MetricMeasurementDecision Support

Definition

A Data Collection Plan is a structured plan for gathering decision-useful data. It specifies the measure, operational definition, data source, sampling method, collection frequency, owner, recording method, stratification factors, measurement system needs, and intended analysis.

The plan prevents teams from collecting convenient data that does not answer the project question. In Six Sigma, it is especially important during Measure and Analyze because poor data collection can invalidate the entire project.

History

Data collection planning comes from scientific method, quality control, industrial statistics, and structured problem solving. As quality improvement matured, teams learned that data credibility depends on planning before measurement, not cleanup after collection.

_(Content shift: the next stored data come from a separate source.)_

(* Consider $K\ge 2$ arms, $1\le m<K$, quantile level $\tau\in(0,1)$ and budget $N\ge\frac{4}{1-\tau}\overline{\log}(K)+K$, where $\overline{\log}(K)=\frac12+\sum_{i=2}^K\frac1i$. Each arm $i$ has an unknown reward distribution $F_i$ (arms independent, samples i.i.d. within an arm) satisfying the IHR assumption with hazard-rate lower bound $L_i>0$ and having a continuously differentiable density, and $b_i\ge0$ is a constant with $|\mathbb{E}[X^i_{(\lfloor n(1-\tau)\rfloor)}]-Q^\tau_i|\le b_i/n$ for all $n$ (where $X^i_{(j)}$ are order statistics of $n$ samples of arm $i$). Assume the set $\mathcal{S}_m^\ast$ of $m$ arms with the largest $\tau$-quantiles is unique. Then the Q-SAR algorithm returns a set $\mathcal{S}_m^N$ satisfying $$e_N:=\mathbb{P}\big(\mathcal{S}_m^N\ne\mathcal{S}_m^\ast\big)\le 2K^2\exp\Big(-\frac{N-K}{\overline{\log}(K)\,H^\tau}\Big),$$ where $H^\tau=\max_{i,j\in\{1,\dots,K\}}\frac{8j}{1-\tau}\Big(\frac{4\alpha}{L_i^2\Delta_{(j)}^2}+\frac{\beta_i}{L_i^2\Delta_{(j)}}\Big)$, $\alpha=\frac{4(1+\tau)}{1-\tau}$, $\beta_i=\frac43\big(2L_i+b_i(1-\tau)L_i^2\big)$.
   Context: IHR assumption for a distribution: support $[0,\infty)$, density $f$, c.d.f. $F$, hazard rate $h=f/(1-F)$ non-decreasing, $L=\inf_x h(x)>0$. $Q^\tau_i:=\inf\{x:F_i(x)\ge\tau\}$. For $n$ samples of arm $i$ sorted decreasingly $X^i_{(1)}\ge\cdots\ge X^i_{(n)}$, the empirical quantile is $\hat Q^\tau_{i,n}:=X^i_{(\lfloor n(1-\tau)\rfloor)}$. Order arms as $o_1,\dots,o_K$ with $Q^\tau_{o_1}\ge\cdots\ge Q^\tau_{o_K}$; $\mathcal{S}_m^\ast=\{o_1,\dots,o_m\}$. Gaps: $\Delta_i=Q^\tau_i-Q^\tau_{o_{m+1}}$ if $i\in\mathcal{S}_m^\ast$, $\Delta_i=Q^\tau_{o_m}-Q^\tau_i$ otherwise; $\Delta_{(1)}\le\cdots\le\Delta_{(K)}$ are the gaps sorted non-decreasingly. Q-SAR algorithm: set $n_0=0$, $n_p=\big\lceil\frac{1}{\overline{\log}(K)}\frac{N-K}{K+1-p}\big\rceil$ for $p=1,\dots,K-1$; active set $\mathcal{A}_1=\{1,\dots,K\}$, accepted set $\mathcal{M}_1=\emptyset$, $l_1=m$. For each phase $p=1,\dots,K-1$: (1) sample each $i\in\mathcal{A}_p$ a further $n_p-n_{p-1}$ times (so each active arm has $n_p$ samples); (2) sort the active arms by empirical quantile $\hat Q^\tau_{i,n_p}$ in non-increasing order as $a_1,\dots,a_{K+1-p}$ (ties broken arbitrarily); (3) compute $\hat\Delta_{best}=\hat Q^\tau_{a_1,n_p}-\hat Q^\tau_{a_{l_p+1},n_p}$ and $\hat\Delta_{worst}=\hat Q^\tau_{a_{l_p},n_p}-\hat Q^\tau_{a_{K+1-p},n_p}$; if $\hat\Delta_{best}>\hat\Delta_{worst}$, set $\mathcal{A}_{p+1}=\mathcal{A}_p\setminus\{a_1\}$, $\mathcal{M}_{p+1}=\mathcal{M}_p\cup\{a_1\}$, $l_{p+1}=l_p-1$; otherwise set $\mathcal{A}_{p+1}=\mathcal{A}_p\setminus\{a_{K+1-p}\}$, $\mathcal{M}_{p+1}=\mathcal{M}_p$, $l_{p+1}=l_p$. Return $\mathcal{S}_m^N=\mathcal{A}_K\cup\mathcal{M}_K$. *)

theory Defs
  imports "HOL-Probability.Probability"
begin
lemma norm_adj [simp]: "norm (adj x) = norm (x::'a::cstar_algebra)"
proof -
  have le: "norm y \<le> norm (adj y)" for y :: 'a
  proof (cases "y = 0")
    case False
    have "norm y * norm y = norm (adj y * y)" by (simp add: cstar_identity power2_eq_square)
    also have "\<dots> \<le> norm (adj y) * norm y" by (rule norm_mult_ineq)
    finally show ?thesis using False by simp
  qed simp
  show ?thesis using le[of x] le[of "adj x"] by (simp add: adj_adj)
qed

lemma bounded_linear_adj: "bounded_linear (adj::'a::cstar_algebra \<Rightarrow> 'a)"
  by (rule bounded_linear_intro[where K=1]) (auto simp: adj_add adj_scaleR)

lemma adj_power: "adj (x ^ n) = adj (x::'a::cstar_algebra) ^ n"
proof (induct n)
  case (Suc n)
  have "adj (x ^ Suc n) = adj x ^ n * adj x" by (simp add: adj_mult Suc)
  then show ?case by (simp add: power_commutes)
qed simp

lemma adj_mult_self_eq_zero_iff [simp]: "adj x * x = 0 \<longleftrightarrow> x = (0::'a::cstar_algebra)"
proof
  assume "adj x * x = 0"
  then have "(norm x)\<^sup>2 = 0" using cstar_identity[of x] by simp
  then show "x = 0" by simp
qed simp

lemma norm_square_hermitian:
  fixes h :: "'a::cstar_algebra"
  assumes "adj h = h"
  shows "norm (h * h) = (norm h)\<^sup>2"
  using cstar_identity[of h] assms by simp

lemma norm_power_two_power_hermitian:
  fixes h :: "'a::cstar_algebra"
  assumes "adj h = h"
  shows "norm (h ^ (2 ^ k)) = norm h ^ (2 ^ k)"
proof (induct k)
  case (Suc k)
  have "adj (h ^ (2 ^ k)) = h ^ (2 ^ k)" by (simp add: adj_power assms)
  then have "norm (h ^ (2 ^ k) * h ^ (2 ^ k)) = (norm (h ^ (2 ^ k)))\<^sup>2"
    by (rule norm_square_hermitian)
  moreover have "h ^ (2 ^ k) * h ^ (2 ^ k) = h ^ (2 ^ Suc k)"
    by (simp flip: power_add add: mult_2)
  ultimately show ?case using Suc by (simp add: power_mult[symmetric] mult.commute)
qed simp
(* Let $\zeta_5=e^{2\pi i/5}$, let $A=\theta[1;\tfrac15]$ and $B=\theta[1;\tfrac35]$ (theta constants, functions of $\tau$), and for $k\in\{1,3,5,7,9\}$ let $f_k=\theta[\tfrac15;\tfrac k5](\zeta,\tau)$. Then for every $(\zeta,\tau)\in\mathbb{C}\times\mathbb{H}^2$: $$B^2f_1f_9-A^2f_3f_7+ABf_5^2=0,$$ $$\zeta_5^2A^2f_3f_9-\zeta_5^2B^2f_5f_7+ABf_1^2=0,$$ $$B^2f_1f_3+\zeta_5^2A^2f_5f_9-\zeta_5^2ABf_7^2=0,$$ $$A^2f_1f_5+\zeta_5^2B^2f_7f_9-ABf_3^2=0,$$ $$A^2f_1f_7-B^2f_3f_5+\zeta_5^2ABf_9^2=0.$$
   Context: Let $\mathbb{H}^2=\{\tau\in\mathbb{C}:\Im\tau>0\}$. For $(\epsilon,\epsilon')\in\mathbb{R}^2$, $$\theta[\epsilon;\epsilon'](\zeta,\tau)=\sum_{n\in\mathbb{Z}}\exp\Big(2\pi i\Big[\tfrac12\big(n+\tfrac{\epsilon}{2}\big)^2\tau+\big(n+\tfrac{\epsilon}{2}\big)\big(\zeta+\tfrac{\epsilon'}{2}\big)\Big]\Big),$$ and $\theta[\epsilon;\epsilon']=\theta[\epsilon;\epsilon'](0,\tau)$ denotes the theta constant. *)

theory Defs
  imports "HOL-Analysis.Analysis"
begin

definition theta_char :: "real \<Rightarrow> real \<Rightarrow> complex \<Rightarrow> complex \<Rightarrow> complex" where
  "theta_char e e' z t = (\<Sum>\<^sub>\<infinity>n::int.
     exp (2 * pi * \<i> * ((1/2) * (of_int n + of_real e / 2)^2 * t
                        + (of_int n + of_real e / 2) * (z + of_real e' / 2))))"

definition theta_const :: "real \<Rightarrow> real \<Rightarrow> complex \<Rightarrow> complex" where
  "theta_const e e' t = theta_char e e' 0 t"

end

theory Submission
  imports Defs
begin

Six Sigma formalized the data collection plan as a common project deliverable. It connects the project charter, CTQs, process map, measurement system analysis, sampling, and planned statistical analysis.

When to Use

Use a data collection plan whenever a team needs evidence for baseline performance, root cause analysis, capability, hypothesis testing, control charts, customer requirements, or improvement validation. It is useful for DMAIC projects, audits, complaints, experiments, supplier studies, service-process analysis, and management dashboards.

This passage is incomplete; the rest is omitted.